Continuous irrigation is an important adjunct for successful intraventricular endoscopy, particularly for complex cases. It allows better visualization by washing out blood and debris, improves navigation by expanding the ventricles, and assists with tissue dissection. A method of irrigation delivery using a centrifugal pump designed originally for cardiac surgery is presented.

The BioMedicus centrifugal pump has the desirable ability to deliver a continuous laminar flow of fluid that excludes air from the system. A series of modifications to the pump tubing was performed to adapt it to neuroendoscopy. Equipment testing determined flow and pressure responses at various settings and simulated clinical conditions. The pump was then studied clinically in 11 endoscopy cases and eventually used in 310 surgical cases.

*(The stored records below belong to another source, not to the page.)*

lemma simple_graph_block_edges: "simple_graph {..<n} (block_edges K n)"
  unfolding simple_graph_def
proof (intro conjI ballI)
  fix e assume "e \<in> block_edges K n"
  then obtain x y where "e = {x, y}" "x < y" "y < n"
    unfolding block_edges_def by blast
  then show "\<exists>u v. u \<noteq> v \<and> u \<in> {..<n} \<and> v \<in> {..<n} \<and> e = {u, v}"
    by (intro exI[of _ x] exI[of _ y]) auto
qed simp

lemma back_degree_hub_le:
  assumes "0 < K" "i mod K = 0"
  shows "card {j. j < i \<and> {j, i} \<in> block_edges K n} \<le> 2 * (i div K)"
proof -
  let ?b = "i div K"
  have "{j. j < i \<and> {j, i} \<in> block_edges K n}
      \<subseteq> (\<lambda>(c, r). c * K + r) ` ({..<?b} \<times> {0, K - 1})"
  proof
    fix j assume "j \<in> {j. j < i \<and> {j, i} \<in> block_edges K n}"
    then have "j < i" "block_adj K j i"
      by (auto simp: block_edges_iff)
    have "j div K < ?b"
      using \<open>j < i\<close> assms by (metis div_mult_mod_eq add_0_right less_mult_imp_div_less)
    moreover have "j mod K \<in> {0, K - 1}"
      using \<open>block_adj K j i\<close> \<open>j div K < ?b\<close> assms(2) by (auto simp: block_adj_def)
    ultimately show "j \<in> (\<lambda>(c, r). c * K + r) ` ({..<?b} \<times> {0, K - 1})"
      by (intro image_eqI[of _ _ "(j div K, j mod K)"]) auto
  qed
  then have "card {j. j < i \<and> {j, i} \<in> block_edges K n} \<le> card ({..<?b} \<times> {0, K - 1})"
    by (meson card_image_le card_mono finite_SigmaI finite_imageI finite_insert
        finite_lessThan finite.emptyI order_trans)
  also have "\<dots> \<le> ?b * 2"
    by (simp add: card_cartesian_product card_insert_if)
  finally show ?thesis
    by simp
qed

Modifications of the pump tubing allowed for integration with different endoscopy systems. Constant flow rates were achieved with and without surgical instruments through the working ports. Optimal flow rates ranged between 30 and 100 ml/min depending on endoscope size. Intraoperative use was well tolerated with no permanent morbidity and showed consistent flow rates, minimal air accumulation, and seamless irrigation bag replacement during prolonged surgery. Although the pump is equipped with an internal safety mechanism to protect against pressure buildup when outflow obstructions occur, equipment testing revealed that flow cessation is not instantaneous enough to protect against sudden intracranial pressure elevation.

A commonly available cardiac pump system was modified to provide continuous irrigation for intraventricular endoscopy. The system alleviates the problems of inconsistent flow rates, air in the irrigation lines, and delays in changing irrigation bags, thereby optimizing patient safety and surgical efficiency. Safe use of the pump requires good ventricular outflow and, clearly, sound surgical judgment.